In practice, the viability of launching a crypto-asset project from Spain now depends heavily on careful token classification, the regulatory characterisation of the proposed activity, compliance with MiCA disclosure and conduct requirements, and the ability to implement adequate governance, AML/CFT, and operational controls from the outset.

Spain applies a dual market abuse framework to crypto-assets, determined by the legal classification of the asset. Where a crypto-asset qualifies as a financial instrument under MiFID II, the EU Market Abuse Regulation (MAR) applies in full, prohibiting insider dealing, unlawful disclosure of inside information, and market manipulation on the same basis as traditional securities.

For crypto-assets falling within the scope of MiCA, a dedicated market abuse regime applies. This framework is largely modelled on the EU Market Abuse Regulation (MAR), while being adapted to the specific operational characteristics of crypto-asset markets.
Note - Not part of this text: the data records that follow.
(* Let $a\in[0,1]$ and, for $x\in(0,1)$, $$f(x):=\pi^2-36\big(\arcsin\tfrac x2\big)^2,\qquad g(x):=9(1-x^2).$$ Then $\mathrm{ARE}_{R,T}=f/g$ on $(0,1)$. Let $b:=\frac fg(a)$ and $c:=\big(\frac fg\big)'(a)$ (for $a=1$ these mean the one-sided limits at $1-$), and define $f_0(x):=f(x)-bg(x)-c(x-a)g(x)$, $g_0(x):=(x-a)^2g(x)$, and for $i=1,2,3,4$, $f_i:=a_if_{i-1}'$, $g_i:=a_ig_{i-1}'$, $r_i:=f_i/g_i$, where $$a_1(x)=\sqrt{4-x^2},\quad a_2(x)=\frac{\sqrt{4-x^2}}{2-x^2},\quad a_3(x)=\frac{(2-x^2)^2}{50-29x^2+9x^4},\quad a_4(x)=\frac{(50-29x^2+9x^4)^2}{2-x^2}.$$ Then on $(0,1)$: $r_4$ is strictly increasing, $f_4<0$ and $g_4<0$.
   Context: $\mathrm{ARE}_{R,T}(\rho_0)$ is the Pitman asymptotic relative efficiency of Pearson's correlation $R$ to Kendall's $T$ for testing $H_0:\rho=\rho_0$ with i.i.d. bivariate normal data of correlation $\rho$; it equals $\frac{\sigma_T^2(\rho_0)\mu_R'(\rho_0)^2}{\sigma_R^2(\rho_0)\mu_T'(\rho_0)^2}$ with $\mu_R(\rho)=\rho$, $\sigma_R^2(\rho)=(1-\rho^2)^2$, $\mu_T(\rho)=\frac2\pi\arcsin\rho$, $\sigma_T^2(\rho)=\frac49-\frac{16}{\pi^2}(\arcsin\frac\rho2)^2$. *)

theory Defs
  imports "HOL-Analysis.Analysis"
begin

text \<open>Moments of Pearson's R and Kendall's T under bivariate normal data.\<close>
definition muR :: "real \<Rightarrow> real" where "muR \<rho> = \<rho>"
definition sigR2 :: "real \<Rightarrow> real" where "sigR2 \<rho> = (1 - \<rho>^2)^2"
definition muT :: "real \<Rightarrow> real" where "muT \<rho> = 2 / pi * arcsin \<rho>"
definition sigT2 :: "real \<Rightarrow> real" where
  "sigT2 \<rho> = 4/9 - 16 / pi^2 * (arcsin (\<rho>/2))^2"

definition ARE_RT :: "real \<Rightarrow> real" where
  "ARE_RT \<rho>0 = sigT2 \<rho>0 * (deriv muR \<rho>0)^2 / (sigR2 \<rho>0 * (deriv muT \<rho>0)^2)"

definition fA :: "real \<Rightarrow> real" where "fA x = pi^2 - 36 * (arcsin (x/2))^2"
definition gA :: "real \<Rightarrow> real" where "gA x = 9 * (1 - x^2)"

definition bcoef :: "real \<Rightarrow> real" where
  "bcoef a = (if a = 1 then Lim (at_left 1) (\<lambda>x. fA x / gA x) else fA a / gA a)"
definition ccoef :: "real \<Rightarrow> real" where
  "ccoef a = (if a = 1 then Lim (at_left 1) (deriv (\<lambda>x. fA x / gA x))
              else deriv (\<lambda>x. fA x / gA x) a)"

definition f0 :: "real \<Rightarrow> real \<Rightarrow> real" where
  "f0 a x = fA x - bcoef a * gA x - ccoef a * (x - a) * gA x"
definition g0 :: "real \<Rightarrow> real \<Rightarrow> real" where
  "g0 a x = (x - a)^2 * gA x"

fun acoef :: "nat \<Rightarrow> real \<Rightarrow> real" where
  "acoef (Suc 0) x = sqrt (4 - x^2)"
| "acoef (Suc (Suc 0)) x = sqrt (4 - x^2) / (2 - x^2)"
| "acoef (Suc (Suc (Suc 0))) x = (2 - x^2)^2 / (50 - 29*x^2 + 9*x^4)"
| "acoef (Suc (Suc (Suc (Suc 0)))) x = (50 - 29*x^2 + 9*x^4)^2 / (2 - x^2)"
| "acoef _ x = 1"

primrec fI :: "real \<Rightarrow> nat \<Rightarrow> real \<Rightarrow> real" where
  "fI a 0 = f0 a"
| "fI a (Suc i) = (\<lambda>x. acoef (Suc i) x * deriv (fI a i) x)"

primrec gI :: "real \<Rightarrow> nat \<Rightarrow> real \<Rightarrow> real" where
  "gI a 0 = g0 a"
| "gI a (Suc i) = (\<lambda>x. acoef (Suc i) x * deriv (gI a i) x)"

definition rI :: "real \<Rightarrow> nat \<Rightarrow> real \<Rightarrow> real" where
  "rI a i x = fI a i x / gI a i x"

end

theory Submission
  imports Defs
begin

text \<open>
  Each operator \<open>a\<^sub>i \<cdot> d/dx\<close> clears one layer of \<open>(f\<^sub>0, g\<^sub>0)\<close>:
  \<open>a\<^sub>1 = \<surd>(4 - x\<^sup>2)\<close> cancels the denominator of the derivative of \<open>arcsin (x/2)\<close>, so after
  two steps the arcsine and all square roots are gone, and the third and fourth steps
  differentiate away the constants \<open>b\<close>, \<open>c\<close> and \<open>a\<close>.  Hence
  \<open>f\<^sub>4 = -144 p\<^sub>4(x\<^sup>2) / (2 - x\<^sup>2)\<close> and \<open>g\<^sub>4 = -144 q\<^sub>4(x\<^sup>2) / (2 - x\<^sup>2)\<close> for explicit
  polynomials \<open>p\<^sub>4\<close>, \<open>q\<^sub>4\<close>.  Both are positive on \<open>[0,1]\<close>, and so is
  \<open>p\<^sub>4' q\<^sub>4 - p\<^sub>4 q\<^sub>4'\<close>, as becomes evident after expanding in \<open>t = 1 - y\<close>.
\<close>

lemma sqrt_one_minus_half_sq: "sqrt (1 - (x/2)^2) = sqrt (4 - x^2) / 2"
proof -
  have "sqrt (1 - (x/2)^2) = sqrt ((4 - x^2) / 2^2)" by (simp add: field_simps)
  also have "\<dots> = sqrt (4 - x^2) / 2" by (simp only: real_sqrt_divide real_sqrt_abs)
  finally show ?thesis .
qed

lemma deriv_eq_on_open:
  assumes "(g has_real_derivative D) (at x)" "open S" "x \<in> S" "\<And>y. y \<in> S \<Longrightarrow> f y = g y"
  shows "deriv f x = D"
  by (metis DERIV_imp_deriv assms has_field_derivative_transform_within_open)

lemma fI_Suc_eq:
  assumes "(F has_real_derivative D) (at x)" "\<bar>x\<bar> < 1" "\<And>y. \<bar>y\<bar> < 1 \<Longrightarrow> fI a i y = F y"
  shows "fI a (Suc i) x = acoef (Suc i) x * D"
  using deriv_eq_on_open[OF assms(1) open_greaterThanLessThan, of "-1" 1] assms(2,3)
  by (simp add: abs_less_iff)

lemma gI_Suc_eq:
  assumes "(G has_real_derivative D) (at x)" "\<bar>x\<bar> < 1" "\<And>y. \<bar>y\<bar> < 1 \<Longrightarrow> gI a i y = G y"
  shows "gI a (Suc i) x = acoef (Suc i) x * D"
  using deriv_eq_on_open[OF assms(1) open_greaterThanLessThan, of "-1" 1] assms(2,3)
  by (simp add: abs_less_iff)

lemma acoef_numeral:
  "acoef 1 x = sqrt (4 - x^2)"
  "acoef 2 x = sqrt (4 - x^2) / (2 - x^2)"
  "acoef 3 x = (2 - x^2)^2 / (50 - 29*x^2 + 9*x^4)"
  "acoef 4 x = (50 - 29*x^2 + 9*x^4)^2 / (2 - x^2)"
  by (simp_all add: numeral_eq_Suc)

lemma quartic_pos: "0 < 50 - 29*x^2 + 9*(x::real)^4"
proof -
  have "50 - 29*x^2 + 9*x^4 = 9*(x^2 - 29/18)^2 + 959/36"
    by (simp add: algebra_simps power2_eq_square power4_eq_xxxx)
  then show ?thesis by (simp add: add_nonneg_pos)
qed

lemma sq_lt_one: "\<bar>x::real\<bar> < 1 \<Longrightarrow> x^2 < 1"
  by (simp add: abs_square_less_1)

lemma ARE_RT_eq:
  assumes "\<bar>x\<bar> < 1"
  shows "ARE_RT x = fA x / gA x"
proof -
  have "0 < 1 - x^2" using sq_lt_one[OF assms] by simp
  have dR: "deriv muR x = 1"
    unfolding muR_def[abs_def] by (simp add: DERIV_imp_deriv)
  have "(muT has_real_derivative 2 / pi * inverse (sqrt (1 - x^2))) (at x)"
    unfolding muT_def[abs_def] using assms by (auto intro!: derivative_eq_intros)
  then have den: "sigR2 x * (deriv muT x)^2 = 4 * (1 - x^2) / pi^2"
    using \<open>0 < 1 - x^2\<close> unfolding sigR2_def
    by (simp add: DERIV_imp_deriv power_mult_distrib power_divide power_inverse field_simps)
      (simp add: algebra_simps power2_eq_square power4_eq_xxxx)
  then show ?thesis
    using \<open>0 < 1 - x^2\<close> unfolding ARE_RT_def dR den sigT2_def fA_def gA_def
    by (simp add: field_simps)
qed

lemma has_real_derivative_arcsin_half:
  assumes "\<bar>x\<bar> < 2"
  shows "((\<lambda>y. arcsin (y/2)) has_real_derivative 1 / sqrt (4 - x^2)) (at x)"
proof -
  have "\<bar>x/2\<bar> < 1" using assms by simp
  then have "((\<lambda>y. arcsin (y/2)) has_real_derivative inverse (sqrt (1 - (x/2)^2)) * (1/2)) (at x)"
    by (auto intro!: derivative_eq_intros)
  then show ?thesis by (simp add: sqrt_one_minus_half_sq)
qed

lemma has_real_derivative_sqrt_four_minus_sq:
  assumes "\<bar>x\<bar> < 2"
  shows "((\<lambda>y. sqrt (4 - y^2)) has_real_derivative - x / sqrt (4 - x^2)) (at x)"
proof -
  have "0 < 4 - x^2" using assms abs_square_less_1[of "x/2"] by (simp add: power_divide)
  then show ?thesis by (auto intro!: derivative_eq_intros simp: field_simps)
qed

lemma fI_1:
  assumes "\<bar>x\<bar> < 1"
  shows "fI a 1 x = -72 * arcsin (x/2)
           - sqrt (4 - x^2) * (-18 * bcoef a * x + 9 * ccoef a * (1 - 3*x^2 + 2*a*x))"
proof -
  define b c where "b = bcoef a" and "c = ccoef a"
  have "\<bar>x\<bar> < 2" using assms by simp
  have "((\<lambda>y. pi^2 - 36 * (arcsin (y/2))^2 - b * (9 * (1 - y^2)) - c * (y - a) * (9 * (1 - y^2)))
      has_real_derivative -72 * arcsin (x/2) / sqrt (4 - x^2) - (-18*b*x + 9*c*(1 - 3*x^2 + 2*a*x))) (at x)"
    by (rule derivative_eq_intros has_real_derivative_arcsin_half[OF \<open>\<bar>x\<bar> < 2\<close>] refl)+
      (simp add: algebra_simps power2_eq_square)
  then have d: "deriv (f0 a) x = -72 * arcsin (x/2) / sqrt (4 - x^2) - (-18*b*x + 9*c*(1 - 3*x^2 + 2*a*x))"
    by (intro DERIV_imp_deriv) (simp add: f0_def[abs_def] fA_def gA_def b_def c_def)
  have "sqrt (4 - x^2) \<noteq> 0" using sq_lt_one[OF assms] by simp
  then show ?thesis
    unfolding One_nat_def fI.simps acoef.simps d b_def c_def by (simp add: field_simps)
qed

lemma fI_2:
  assumes "\<bar>x\<bar> < 1"
  shows "fI a 2 x = 36 * bcoef a - 9 * ccoef a * (4*a - 9*x) + (63 * ccoef a * x - 72) / (2 - x^2)"
proof -
  define b c s where "b = bcoef a" and "c = ccoef a" and "s = sqrt (4 - x^2)"
  have "\<bar>x\<bar> < 2" "0 < 2 - x^2" using sq_lt_one[OF assms] assms by simp_all
  then have s: "s * s = 4 - x^2" "0 < s" by (simp_all add: s_def)
  have "((\<lambda>y. -72 * arcsin (y/2) - sqrt (4 - y^2) * (-18*b*y + 9*c*(1 - 3*y^2 + 2*a*y)))
      has_real_derivative -72 * (1/s) - (-x/s * (-18*b*x + 9*c*(1 - 3*x^2 + 2*a*x))
         + s * (-18*b + 9*c*(2*a - 6*x)))) (at x)" (is "(_ has_real_derivative ?D) _")
    unfolding s_def
    by (rule derivative_eq_intros has_real_derivative_arcsin_half[OF \<open>\<bar>x\<bar> < 2\<close>]
        has_real_derivative_sqrt_four_minus_sq[OF \<open>\<bar>x\<bar> < 2\<close>] refl)+
      (simp add: algebra_simps power2_eq_square)
  from fI_Suc_eq[OF this assms fI_1[of _ a, folded b_def c_def]]
  have "fI a 2 x = s / (2 - x^2) * ?D" by (simp only: Suc_1 acoef_numeral s_def)
  also have "\<dots> = (-72 + x * (-18*b*x + 9*c*(1 - 3*x^2 + 2*a*x))
         - (s * s) * (-18*b + 9*c*(2*a - 6*x))) / (2 - x^2)"
    using s \<open>0 < 2 - x^2\<close> by (simp add: field_simps)
  also have "\<dots> = 36 * b - 9 * c * (4*a - 9*x) + (63 * c * x - 72) / (2 - x^2)"
    using \<open>0 < 2 - x^2\<close> unfolding s(1) by (simp add: divide_simps) (simp add: algebra_simps power2_eq_square)
  finally show ?thesis unfolding b_def c_def .
qed

lemma fI_3:
  assumes "\<bar>x\<bar> < 1"
  shows "fI a 3 x = 9 * ccoef a - 144 * x / (50 - 29*x^2 + 9*x^4)"
proof -
  define b c where "b = bcoef a" and "c = ccoef a"
  have "0 < 2 - x^2" using sq_lt_one[OF assms] by simp
  have "((\<lambda>y. 36 * b - 9 * c * (4*a - 9*y) + (63 * c * y - 72) / (2 - y^2))
      has_real_derivative 81 * c + (63 * c * (2 - x^2) + (63 * c * x - 72) * (2 * x)) / (2 - x^2)^2) (at x)"
    (is "(_ has_real_derivative ?D) _")
    using \<open>0 < 2 - x^2\<close> by (auto intro!: derivative_eq_intros simp: field_simps power2_eq_square)
  from fI_Suc_eq[OF this assms fI_2[of _ a, folded b_def c_def]]
  have "fI a 3 x = (2 - x^2)^2 / (50 - 29*x^2 + 9*x^4) * ?D"
    by (simp only: Suc_numeral semiring_norm acoef_numeral)
  also have "\<dots> = 9 * c - 144 * x / (50 - 29*x^2 + 9*x^4)"
    using \<open>0 < 2 - x^2\<close> quartic_pos[of x]
    by (simp add: divide_simps) (simp add: algebra_simps eval_nat_numeral)
  finally show ?thesis unfolding c_def .
qed

definition p4 :: "real \<Rightarrow> real" where
  "p4 y = 50 + 29*y - 27*y^2"

definition q4 :: "real \<Rightarrow> real" where
  "q4 y = 600 - 852*y + 408*y^2 - 102*y^3 + 18*y^4"

lemma fI_4:
  assumes "\<bar>x\<bar> < 1"
  shows "fI a 4 x = -144 * p4 (x^2) / (2 - x^2)"
proof -
  define c where "c = ccoef a"
  define Q where "Q = 50 - 29*x^2 + 9*x^4"
  have "0 < 2 - x^2" "0 < Q" using sq_lt_one[OF assms] quartic_pos[of x] by (simp_all add: Q_def)
  have "((\<lambda>y. 9 * c - 144 * y / (50 - 29*y^2 + 9*y^4))
      has_real_derivative -144 * (Q - x * (-58*x + 36*x^3)) / Q^2) (at x)"
    (is "(_ has_real_derivative ?D) _")
    using \<open>0 < Q\<close> unfolding Q_def
    by (auto intro!: derivative_eq_intros) (simp add: divide_simps; simp add: algebra_simps eval_nat_numeral)
  from fI_Suc_eq[OF this assms fI_3[of _ a, folded c_def]]
  have "fI a 4 x = Q^2 / (2 - x^2) * ?D"
    by (simp only: Suc_numeral semiring_norm acoef_numeral Q_def)
  also have "\<dots> = -144 * p4 (x^2) / (2 - x^2)"
    using \<open>0 < 2 - x^2\<close> \<open>0 < Q\<close> unfolding p4_def Q_def
    by (simp add: divide_simps) (simp add: algebra_simps eval_nat_numeral)
  finally show ?thesis .
qed

lemma gI_1:
  shows "gI a 1 x = sqrt (4 - x^2) * (18 * (x - a) * (1 - x^2) - 18 * x * (x - a)^2)"
proof -
  have "((\<lambda>y. (y - a)^2 * (9 * (1 - y^2)))
      has_real_derivative 18 * (x - a) * (1 - x^2) - 18 * x * (x - a)^2) (at x)"
    by (auto intro!: derivative_eq_intros simp: algebra_simps eval_nat_numeral)
  then have "deriv (g0 a) x = 18 * (x - a) * (1 - x^2) - 18 * x * (x - a)^2"
    by (intro DERIV_imp_deriv) (simp add: g0_def[abs_def] gA_def)
  then show ?thesis by simp
qed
The prohibited behaviours are broadly aligned with those prohibited under MAR and include insider dealing, unlawful disclosure of inside information, and market manipulation in relation to crypto-assets admitted to trading on a crypto-asset trading platform. “Inside information” is also defined in substantially similar terms, namely precise information of a non-public nature which, if made public, would be likely to have a significant effect on the price of the relevant crypto-asset or related crypto-assets.
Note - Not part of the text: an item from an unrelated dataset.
(* Let $G=(V,E)$ be a Laman-sparse graph on $n$ vertices and let $p=(p_1,\dots,p_n)$ be a generic configuration in $\mathbb{R}^2$, with $d_E=(\|p_i-p_j\|^2)_{ij\in E}$. Then the EDM completion system $\{X\in\mathcal{S}^n_+:\Pi_E(K(X))=d_E,\ Xe=0\}$ has singularity degree $0$; equivalently, $(G,p)$ has no nonzero positive semidefinite equilibrium stress matrix, and there is a feasible $X$ with $X\succeq0$, $Xe=0$, $\operatorname{rank}X=n-1$, i.e., a configuration $\bar p$ with affine span of dimension $n-1$ satisfying $\|\bar p_i-\bar p_j\|^2=d_{ij}$ for all $ij\in E$.
   Context: Laman-sparse: every subgraph with $k\ge 2$ vertices has at most $2k-3$ edges. Generic: coordinates satisfy no nonzero polynomial with rational coefficients. $\mathcal{S}^n_+$ is the cone of $n\times n$ positive semidefinite matrices, $e$ the all-ones vector, $K:\mathcal{S}^n\to\mathcal{S}^n$ the map $K(X)_{ij}=X_{ii}+X_{jj}-2X_{ij}$, and $\Pi_E$ the projection onto the entries indexed by $E$. The singularity degree of the system $\{X\in\mathcal{S}^n_+ : \Pi_E(K(X))=d_E,\ Xe=0\}$ is the minimum number of facial reduction steps ${\mathcal F}_0=\mathcal{S}^n_+$, ${\mathcal F}_{i+1}={\mathcal F}_i\cap Z_i^\perp$, with $Z_i={\mathcal M}^*v_i\in{\mathcal F}_i^*\setminus{\mathcal F}_i^\perp$ and $v_i$ orthogonal to the right-hand side, where ${\mathcal M}$ is the linear constraint map, needed to reach the smallest face of $\mathcal{S}^n_+$ containing the feasible set (degree $0$ meaning the feasible set meets the relative interior of the face $\{X\succeq 0: Xe=0\}$). Equivalently it is the singularity degree of the face of $\Pi_E(K(\{X\in\mathcal S^n_+: Xe=0\}))$ generated by $d_E$. An equilibrium stress of $(G,p)$ is $\omega:E\to\mathbb{R}$ with $\sum_{j:ij\in E}\omega_{ij}(p_i-p_j)=0$ for all $i$; its stress matrix $\Omega$ has off-diagonal entries $-\omega_{ij}$ ($0$ off $E$) and diagonal entries $\sum_j\omega_{ij}$. *)

theory Defs
  imports "HOL-Analysis.Analysis"
begin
Important differences arise in practice. MAR operates within a framework of established issuers, regulated venues, and formal disclosure channels, facilitating the identification of insiders and the monitoring of trading activity. By contrast, the MiCA regime applies to a more fragmented and decentralised environment, where the absence of a centralised issuer – particularly for protocol-based or decentralised crypto-assets – and the pseudonymous nature of blockchain transactions complicate the identification of insiders, attribution of liability, and effective enforcement.
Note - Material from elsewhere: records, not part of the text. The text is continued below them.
lemma contact_representation_crown:
  assumes "1 \<le> d"
  defines "n \<equiv> 2 * d + 1"
  shows "contact_representation (Suc d) {..<2 * n} (crown_adj n) (crown_box d)"
  unfolding contact_representation_def
proof (intro conjI ballI allI impI)
  fix v j assume "v \<in> {..<2 * n}" "j < Suc d"
  then show "proper_interval (crown_box d v j)"
    using assms proper_crown_left_box proper_crown_right_box by (simp add: crown_box_def)
next
  fix u v assume "u \<in> {..<2 * n}" "v \<in> {..<2 * n}" "u \<noteq> v"
  then have u: "u < 2 * n" and v: "v < 2 * n" and "u \<noteq> v"
    by auto
  have left: "crown_box d w = crown_left_box d w" if "w < n" for w
    using that by (simp add: crown_box_def n_def)
  have right: "crown_box d w = crown_right_box d (w - n)" if "n \<le> w" for w
    using that by (simp add: crown_box_def n_def)
  consider "u < n" "v < n" | "u < n" "n \<le> v" | "n \<le> u" "v < n" | "n \<le> u" "n \<le> v"
    by linarith
  then show "if crown_adj n u v then boxes_touch (Suc d) (crown_box d u) (crown_box d v)
      else boxes_apart (Suc d) (crown_box d u) (crown_box d v)"
  proof cases
    case 1
    then have "u \<le> 2 * d" "v \<le> 2 * d" "\<not> crown_adj n u v"
      by (auto simp: crown_adj_def n_def)
    then show ?thesis
      using crown_left_boxes_apart[of u d v] \<open>u \<noteq> v\<close> 1 left by simp
  next
    case 2
    then have "v - n \<le> 2 * d" "crown_adj n u v \<longleftrightarrow> u \<noteq> v - n"
      using v by (auto simp: crown_adj_def n_def)
    moreover have "boxes_apart (Suc d) (crown_left_box d u) (crown_right_box d (v - n))" if "u = v - n"
      using crown_left_right_boxes_apart[of u d] that 2 by (simp add: n_def)
    ultimately show ?thesis
      using crown_left_right_boxes_touch[of d u "v - n"] assms 2 left right
      by (simp add: n_def)
  next
    case 3
    then have k: "u - n \<le> 2 * d" "crown_adj n u v \<longleftrightarrow> v \<noteq> u - n"
      using u by (auto simp: crown_adj_def n_def)
    moreover have "boxes_apart (Suc d) (crown_right_box d (u - n)) (crown_left_box d v)" if "v = u - n"
      using crown_left_right_boxes_apart[of v d] that 3 boxes_apart_commute by (simp add: n_def)
    moreover have "boxes_touch (Suc d) (crown_right_box d (u - n)) (crown_left_box d v)" if "v \<noteq> u - n"
      using crown_left_right_boxes_touch[of d v "u - n"] that assms 3 k boxes_touch_commute
      by (simp add: n_def)
    ultimately show ?thesis
      using 3 k left right by simp
  next
    case 4
    then have "u - n \<le> 2 * d" "v - n \<le> 2 * d" "u - n \<noteq> v - n" "\<not> crown_adj n u v"
      using u v \<open>u \<noteq> v\<close> by (auto simp: crown_adj_def n_def)
    then show ?thesis
      using crown_right_boxes_apart[of "u - n" d "v - n"] 4 right by simp
  qed
qed

theorem mainTheorem7:
  fixes d :: nat
  assumes "d \<ge> 1"
  shows "(\<forall>V E. CBU d V E \<longrightarrow> CBU (Suc d) V E) \<and>
         (\<exists>V E. CBU (Suc d) V E \<and> \<not> CBU d V E)"
proof
  show "\<forall>V E. CBU d V E \<longrightarrow> CBU (Suc d) V E"
    using CBU_Suc assms by simp
  let ?n = "2 * d + 1"
  have "CBU (Suc d) {..<2 * ?n} (crown_adj ?n)"
    using CBU_iff_contact_representation simple_graph_crown contact_representation_crown assms
    by blast
  moreover have "\<not> CBU d {..<2 * ?n} (crown_adj ?n)"
  proof
    assume "CBU d {..<2 * ?n} (crown_adj ?n)"
    then obtain box where "contact_representation d {..<2 * ?n} (crown_adj ?n) box"
      using CBU_iff_contact_representation assms by auto
    then show False
      using contact_representation_crown_le by fastforce
  qed
  ultimately show "\<exists>V E. CBU (Suc d) V E \<and> \<not> CBU d V E"
    by blast
qed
Supervisory responsibility in Spain rests with the CNMV, which is expected to play an increasingly active role in monitoring market integrity in crypto-asset markets.

Enforcement in Spain against crypto-asset firms has historically been moderate, focusing primarily on registration breaches, misleading advertising, and AML/CFT failures under pre-existing frameworks. Prior to MiCA, the principal tools available to the CNMV included administrative fines, public warnings, and the inclusion of entities in supervisory warning lists – measures which, while limited in scope, have operated as effective reputational deterrents in the Spanish market. The Bank of Spain has played a more limited role, primarily in relation to AML registration and supervisory functions.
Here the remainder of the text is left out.